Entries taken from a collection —
══════════

(* Let $\mathcal X=\{1,\dots,k\}$ and let $G$ be a generator matrix on $\mathcal X$ with no zero entries; let $\mu$ be its unique stochastic vector with $\mu^tG=0$. Let $M\in\mathbb N$ be such that $I+G/n$ is non-negative for $n>M$, $K_n=I+\frac Gn\mathbb 1(n>M)$, let $\mathbf T$ be the inhomogeneous Markov chain with kernels $\{K_n\}$ (from time $n$ to $n+1$), and let $\nu=\langle\nu_1,\dots,\nu_k\rangle$ be the distributional limit of $\langle\frac1n\sum_{j=1}^n\delta_{T_j}(i)\rangle_{i\in\mathcal X}$. Let $\tilde K_j=(I-G/j)^{-1}$ for $j\ge1$ and let $\mathbf Z$ be the inhomogeneous Markov chain with initial distribution $\mu$ and kernels $\{\tilde K_n\}_{n\ge1}$. Then $\tilde K_n=K_n+O(n^{-2})$, and $$\nu\overset d=\lim_{n\to\infty}\frac1n\Big\langle\sum_{j=1}^n\delta_{Z_j}(i)\Big\rangle_{i\in\mathcal X}.$$ Moreover, for $\mathbf m=(m_1,\dots,m_k)\in\mathbb N_0^k$ with $N=\sum_im_i>0$, $$\mathbb E\Big[\prod_{i=1}^k\nu_i^{m_i}\Big]=\binom{N}{m_1,\dots,m_k}^{-1}\mathbb P\Big(\sum_{j=1}^N\mathbb 1(Z_j=i)=m_i,\ 1\le i\le k\Big),$$ and in particular $\mathbb E[\nu_i^N]=\mathbb P(Z_1=\dots=Z_N=i)$.
   Context: A generator matrix: $G_{i,j}\ge0$ for $i\ne j$ and $G_{i,i}=-\sum_{j\ne i}G_{i,j}$. For each $j\ge1$, $(I-G/j)^{-1}$ exists and is a stochastic matrix. The limit law $\nu$ does not depend on the initial distribution of $\mathbf T$. *)

theory Defs
  imports "HOL-Probability.Probability" "HOL-Library.Landau_Symbols"
begin

text \<open>States: a finite type 'a (playing the role of X = {1,..,k}, k = CARD('a)).
  Matrices are real^'a^'a; the row index is the current state.\<close>

definition generator_matrix :: "real^'a^'a \<Rightarrow> bool" where
  "generator_matrix G \<longleftrightarrow>
     (\<forall>i j. i \<noteq> j \<longrightarrow> G $ i $ j \<ge> 0) \<and>
     (\<forall>i. G $ i $ i = - (\<Sum>j\<in>UNIV - {i}. G $ i $ j))"

definition stochastic_vector :: "real^'a \<Rightarrow> bool" where
  "stochastic_vector p \<longleftrightarrow> (\<forall>i. p $ i \<ge> 0) \<and> (\<Sum>i\<in>UNIV. p $ i) = 1"

text \<open>Probability that an inhomogeneous Markov chain with initial distribution p
  (law of X_1) and kernels K n (from time n to time n+1) has path
  (X_1,...,X_N) = xs, where N = length xs.\<close>

definition path_prob :: "real^'a \<Rightarrow> (nat \<Rightarrow> real^'a^'a) \<Rightarrow> 'a list \<Rightarrow> real" where
  "path_prob p K xs =
     (if xs = [] then 1
      else p $ hd xs * (\<Prod>j<length xs - 1. K (Suc j) $ (xs ! j) $ (xs ! Suc j)))"
lemma graph_card_incident_constraints:
  assumes g: "is_graph sig ar E S" and S: "is_structure sig ar S"
  shows "card {c \<in> constraints sig S. Mlab a c = ({0}, E) \<and> ideg sig S j (Inr c) = t} =
      card {v \<in> univ S. [a, v] \<in> rels S E \<and>
        edge_deg E j (ideg sig S (j - 1) (Inl a)) (ideg sig S (j - 1) (Inl v)) = t}"
    and "card {c \<in> constraints sig S. Mlab a c = ({1}, E) \<and> ideg sig S j (Inr c) = t} =
      card {v \<in> univ S. [a, v] \<in> rels S E \<and>
        edge_deg E j (ideg sig S (j - 1) (Inl v)) (ideg sig S (j - 1) (Inl a)) = t}"
proof -
  have sym: "[a, v] \<in> rels S E \<Longrightarrow> [v, a] \<in> rels S E" for v
    using g unfolding is_graph_def by blast
  show "card {c \<in> constraints sig S. Mlab a c = ({0}, E) \<and> ideg sig S j (Inr c) = t} =
      card {v \<in> univ S. [a, v] \<in> rels S E \<and>
        edge_deg E j (ideg sig S (j - 1) (Inl a)) (ideg sig S (j - 1) (Inl v)) = t}"
    unfolding graph_incident_constraints(1)[OF g S]
    by (subst card_image) (auto simp: inj_on_def ideg_edge[OF g S] intro!: arg_cong[where f = card])
  show "card {c \<in> constraints sig S. Mlab a c = ({1}, E) \<and> ideg sig S j (Inr c) = t} =
      card {v \<in> univ S. [a, v] \<in> rels S E \<and>
        edge_deg E j (ideg sig S (j - 1) (Inl v)) (ideg sig S (j - 1) (Inl a)) = t}"
    unfolding graph_incident_constraints(2)[OF g S]
    by (subst card_image)
      (auto simp: inj_on_def ideg_edge[OF g S sym] intro!: arg_cong[where f = card])
qed

lemma frac_iso_graph_card_neighbours_eq:
  fixes P :: "'b \<Rightarrow> 'a \<Rightarrow> real"
  assumes A: "is_structure sig ar A" and B: "is_structure sig ar B"
    and gA: "is_graph sig ar E A" and gB: "is_graph sig ar E B"
    and dsP: "doubly_stochastic (univ B) (univ A) P"
    and PN: "\<And>b a. b \<in> univ B \<Longrightarrow> a \<in> univ A \<Longrightarrow>
      (\<Sum>a'\<in>univ A. P b a' * adj E A a' a) = (\<Sum>b'\<in>univ B. adj E B b b' * P b' a)"
    and compat: "\<And>b a. b \<in> univ B \<Longrightarrow> a \<in> univ A \<Longrightarrow> P b a > 0 \<Longrightarrow> f a = g b"
    and b: "b \<in> univ B" and a: "a \<in> univ A" and pos: "P b a > 0"
  shows "card {v \<in> univ A. [a, v] \<in> rels A E \<and> f v} = card {v \<in> univ B. [b, v] \<in> rels B E \<and> g v}"
proof -
  note fin = finite_univ[OF A] finite_univ[OF B]
  have "(\<Sum>v\<in>univ A. adj E A a v * (if f v then 1 else 0)) =
      (\<Sum>v\<in>univ B. adj E B b v * (if g v then 1 else 0))"
  proof (rule doubly_stochastic_intertwining_compatible[OF fin fin dsP dsP PN _ _ b a pos])
    show "(\<Sum>c\<in>univ A. adj E A a c * P d c) = (\<Sum>b\<in>univ B. P b a * adj E B b d)"
      if "a \<in> univ A" "d \<in> univ B" for a d
      using PN[OF that(2,1)] by (simp add: adj_sym[OF gA, of a] adj_sym[OF gB, of _ d] mult.commute)
  qed (use compat in auto)
  then show ?thesis
    by (simp add: adj_def flip: real_card_conj_eq_sum_indicators[OF fin(1)]
        real_card_conj_eq_sum_indicators[OF fin(2)])
qed

lemma frac_iso_graph_ideg_Suc_eq:
  fixes sig :: "'r set" and P :: "'b \<Rightarrow> 'a \<Rightarrow> real"
  assumes A: "is_structure sig ar A" and B: "is_structure sig ar B"
    and gA: "is_graph sig ar E A" and gB: "is_graph sig ar E B"
    and dsP: "doubly_stochastic (univ B) (univ A) P"
    and PN: "\<And>b a. b \<in> univ B \<Longrightarrow> a \<in> univ A \<Longrightarrow>
      (\<Sum>a'\<in>univ A. P b a' * adj E A a' a) = (\<Sum>b'\<in>univ B. adj E B b b' * P b' a)"
    and prev: "\<And>b' a'. b' \<in> univ B \<Longrightarrow> a' \<in> univ A \<Longrightarrow> P b' a' > 0 \<Longrightarrow>
      ideg sig A (j - 1) (Inl a') = ideg sig B (j - 1) (Inl b')"
    and b: "b \<in> univ B" and a: "a \<in> univ A" and pos: "P b a > 0"
  shows "ideg sig A (Suc j) (Inl a) = ideg sig B (Suc j) (Inl b)"
proof (rule ideg_Suc_Inl_eqI[OF A B])
  fix l :: "'r label" and t assume l: "fst l \<noteq> {}"
  consider "l = ({0}, E)" | "l = ({1}, E)" | "l \<noteq> ({0}, E)" "l \<noteq> ({1}, E)" by blast
  then show "card {c \<in> constraints sig A. Mlab a c = l \<and> ideg sig A j (Inr c) = t} =
      card {c \<in> constraints sig B. Mlab b c = l \<and> ideg sig B j (Inr c) = t}"
  proof cases
    case 1
    have "(edge_deg E j (ideg sig A (j - 1) (Inl a)) (ideg sig A (j - 1) (Inl a')) = t) =
        (edge_deg E j (ideg sig B (j - 1) (Inl b)) (ideg sig B (j - 1) (Inl b')) = t)"
      if "b' \<in> univ B" "a' \<in> univ A" "P b' a' > 0" for a' b'
      using prev[OF that] prev[OF b a pos] by simp
    from frac_iso_graph_card_neighbours_eq[OF A B gA gB dsP PN this b a pos] show ?thesis
      unfolding 1 graph_card_incident_constraints(1)[OF gA A]
        graph_card_incident_constraints(1)[OF gB B] .
  next
    case 2
    have "(edge_deg E j (ideg sig A (j - 1) (Inl a')) (ideg sig A (j - 1) (Inl a)) = t) =
        (edge_deg E j (ideg sig B (j - 1) (Inl b')) (ideg sig B (j - 1) (Inl b)) = t)"
      if "b' \<in> univ B" "a' \<in> univ A" "P b' a' > 0" for a' b'
      using prev[OF that] prev[OF b a pos] by simp
    from frac_iso_graph_card_neighbours_eq[OF A B gA gB dsP PN this b a pos] show ?thesis
      unfolding 2 graph_card_incident_constraints(2)[OF gA A]
        graph_card_incident_constraints(2)[OF gB B] .
  next
    case 3
    then have "{c \<in> constraints sig A. Mlab a c = l \<and> ideg sig A j (Inr c) = t} = {}"
      and "{c \<in> constraints sig B. Mlab b c = l \<and> ideg sig B j (Inr c) = t} = {}"
      using graph_incident_constraints(3)[OF gA A l] graph_incident_constraints(3)[OF gB B l]
      by blast+
    then show ?thesis by (simp only: card.empty)
  qed
qed

lemma frac_iso_graph_compatible_ideg:
  fixes sig :: "'r set" and P :: "'b \<Rightarrow> 'a \<Rightarrow> real"
  assumes A: "is_structure sig ar A" and B: "is_structure sig ar B"
    and gA: "is_graph sig ar E A" and gB: "is_graph sig ar E B"
    and dsP: "doubly_stochastic (univ B) (univ A) P"
    and PN: "\<And>b a. b \<in> univ B \<Longrightarrow> a \<in> univ A \<Longrightarrow>
      (\<Sum>a'\<in>univ A. P b a' * adj E A a' a) = (\<Sum>b'\<in>univ B. adj E B b b' * P b' a)"
  shows "b \<in> univ B \<Longrightarrow> a \<in> univ A \<Longrightarrow> P b a > 0 \<Longrightarrow> ideg sig A k (Inl a) = ideg sig B k (Inl b)"
proof (induction k arbitrary: a b rule: less_induct)
  case (less k)
  show ?case
  proof (cases k)
    case (Suc j)
    have "ideg sig A (j - 1) (Inl a') = ideg sig B (j - 1) (Inl b')"
      if "b' \<in> univ B" "a' \<in> univ A" "P b' a' > 0" for a' b'
      using less.IH[of "j - 1"] Suc that by simp
    from frac_iso_graph_ideg_Suc_eq[OF A B gA gB dsP PN this less.prems] show ?thesis
      using Suc by simp
  qed simp
qed

lemma graph_card_constraint_class:
  assumes g: "is_graph sig ar E S" and S: "is_structure sig ar S"
  shows "real (card {c \<in> constraints sig S. iterated_degree sig S (Inr c) = T}) =
    (\<Sum>u\<in>univ S. \<Sum>v\<in>univ S. adj E S u v *
      (if (\<lambda>j. edge_deg E j (iterated_degree sig S (Inl u) (j - 1))
                               (iterated_degree sig S (Inl v) (j - 1))) = T then 1 else 0))"
proof -
  let ?\<delta> = "iterated_degree sig S"
  let ?edge_class = "{p \<in> univ S \<times> univ S. [fst p, snd p] \<in> rels S E \<and>
    (\<lambda>j. edge_deg E j (?\<delta> (Inl (fst p)) (j - 1)) (?\<delta> (Inl (snd p)) (j - 1))) = T}"
  have edge: "?\<delta> (Inr (E, [u, v])) = (\<lambda>j. edge_deg E j (?\<delta> (Inl u) (j - 1)) (?\<delta> (Inl v) (j - 1)))"
    if "[u, v] \<in> rels S E" for u v
    unfolding iterated_degree_def using ideg_edge[OF g S that] by simp
  have "{c \<in> constraints sig S. ?\<delta> (Inr c) = T} = (\<lambda>p. (E, [fst p, snd p])) ` ?edge_class"
  proof (intro equalityI subsetI)
    fix c assume "c \<in> {c \<in> constraints sig S. ?\<delta> (Inr c) = T}"
    then obtain u v where "c = (E, [u, v])" "[u, v] \<in> rels S E" "u \<in> univ S" "v \<in> univ S"
      "?\<delta> (Inr c) = T"
      using graph_constraintE[OF g S] by blast
    then show "c \<in> (\<lambda>p. (E, [fst p, snd p])) ` ?edge_class"
      using edge by (auto intro!: image_eqI[where x = "(u, v)"])
  qed (use edge graph_edge_in_constraints[OF g] in auto)
  moreover have "inj_on (\<lambda>p. (E, [fst p, snd p])) ?edge_class"
    by (rule inj_onI) (simp add: prod_eq_iff)
  ultimately have "real (card {c \<in> constraints sig S. ?\<delta> (Inr c) = T}) = real (card ?edge_class)"
    by (simp add: card_image)
  also have "\<dots> = (\<Sum>p\<in>univ S \<times> univ S. if [fst p, snd p] \<in> rels S E \<and>
      (\<lambda>j. edge_deg E j (?\<delta> (Inl (fst p)) (j - 1)) (?\<delta> (Inl (snd p)) (j - 1))) = T then 1 else 0)"
    using finite_univ[OF S] by (simp add: card_eq_sum_indicator)
  also have "\<dots> = (\<Sum>u\<in>univ S. \<Sum>v\<in>univ S. adj E S u v *
      (if (\<lambda>j. edge_deg E j (?\<delta> (Inl u) (j - 1)) (?\<delta> (Inl v) (j - 1))) = T then 1 else 0))"
    unfolding sum.cartesian_product by (intro sum.cong) (auto simp: adj_def)
  finally show ?thesis .
qed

══════════

Wherever the string "open" appears in a line of the records, copy that line.

text \<open>States: a finite type 'a (playing the role of X = {1,..,k}, k = CARD('a)).
text \<open>Probability that an inhomogeneous Markov chain with initial distribution p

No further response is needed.